The SNF network demonstrated improved assignment of pure chemicals to their annotated target class compared to either FUSION or CP, delivering an enhanced capacity for untargeted mode of action prediction. We validated the utility of this network in assigning MOA by demonstrating that natural product fractions containing trichostatin A were clustered with pure trichostatin A and other HDAC inhibitors. We then further developed a robust pipeline to assign the mechanistic annotation that the SNF network provides to specific natural product structures. Using untargeted metabolomic profiling of the full natural product fraction library and creating a scoring method (SNF score) to relate these mass spectrometry features to defined phenotypes, it is possible to directly predict the contributions of all mass spectrometry features to the biological landscape of the sample set. SNF scores provide a rich perspective on chemical interpretation from the natural products library. For example, in situations where two different compound classes cause the same biological phenotype (i.e. one cluster in the APC network), SNF scores will correctly identify these two compounds as high priority candidates, even though neither compound is present in all members of the biological cluster, provided that each molecule is predominantly found within that cluster. Similarly, in situations where extracts contain many features, most features will be quickly deprioritized because their distributions throughout the sample set do not correlate to specific biological phenotypes. This mechanism for compound prioritization is therefore a robust and powerful strategy for directly targeting biologically relevant compounds from large, complex natural product libraries. Development of the Bokeh server visualization suite (Supplemental Figure 5) provides a facile platform for data filtering and visualization that enables the rapid exploration of these data using a range of different viewpoints.

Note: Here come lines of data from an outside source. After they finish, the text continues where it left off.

lemma QM_deg_mono: "D \<le> E \<Longrightarrow> QM_deg n D J h \<subseteq> QM_deg n E J h"
  unfolding QM_deg_def by fastforce

lemma QM_deg_add:
  assumes "p \<in> QM_deg n D J h" "q \<in> QM_deg n D J h"
  shows "p + q \<in> QM_deg n D J h"
proof -
  obtain s0 s where s: "s0 \<in> SOS n" "\<forall>j\<in>J. s j \<in> SOS n" "tdeg s0 \<le> D"
      "\<forall>j\<in>J. tdeg (s j * h j) \<le> D" "p = s0 + (\<Sum>j\<in>J. s j * h j)"
    using assms(1) unfolding QM_deg_def by blast
  obtain t0 t where t: "t0 \<in> SOS n" "\<forall>j\<in>J. t j \<in> SOS n" "tdeg t0 \<le> D"
      "\<forall>j\<in>J. tdeg (t j * h j) \<le> D" "q = t0 + (\<Sum>j\<in>J. t j * h j)"
    using assms(2) unfolding QM_deg_def by blast
  have "p + q = (s0 + t0) + (\<Sum>j\<in>J. (s j + t j) * h j)"
    unfolding s(5) t(5) distrib_right sum.distrib by (simp only: add_ac)
  moreover have "s0 + t0 \<in> SOS n" "tdeg (s0 + t0) \<le> D"
    using s(1,3) t(1,3) by (auto intro: SOS_add tdeg_add_le)
  moreover have "\<forall>j\<in>J. s j + t j \<in> SOS n" "\<forall>j\<in>J. tdeg ((s j + t j) * h j) \<le> D"
    using s(2,4) t(2,4) unfolding distrib_right by (auto intro: SOS_add tdeg_add_le)
  ultimately show ?thesis
    unfolding QM_deg_def by (intro CollectI exI[of _ "s0 + t0"] exI[of _ "\<lambda>j. s j + t j"]) simp
qed

lemma QM_deg_sum:
  "(\<And>i. i \<in> I \<Longrightarrow> f i \<in> QM_deg n D J h) \<Longrightarrow> sum f I \<in> QM_deg n D J h"
  by (induction I rule: infinite_finite_induct) (auto intro: QM_deg_add SOS_in_QM_deg SOS_zero)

Notwithstanding the value of this approach, there are several situations which remain difficult to resolve. Currently, the SNF score is not weighted by relative intensity of each MS feature. This is because determining relative concentrations of unknown analytes in complex samples remains an unsolved challenge in mass spectrometry-based metabolomics. In situations where a bioactive metabolite is present both above and below its EC50 the SNF score will be reduced, as there will be no measurable phenotype in extracts where the concentration is low. Secondly, the system cannot differentiate between active and inactive metabolites if they are always co-expressed. Review of the metabolomics data suggests that this circumstance is rare, however in these cases both metabolites would be scored as active candidates, requiring downstream deconvolution. Finally, in situations where bioactive compounds are frequently encountered with other unrelated bioactives the resulting phenotypes could bear little relationship to one another. Review of the dataset suggests that this situation is also unusual, however in these cases SNF scores will also deteriorate because of the reduced similarity scores between samples with different phenotypic signatures.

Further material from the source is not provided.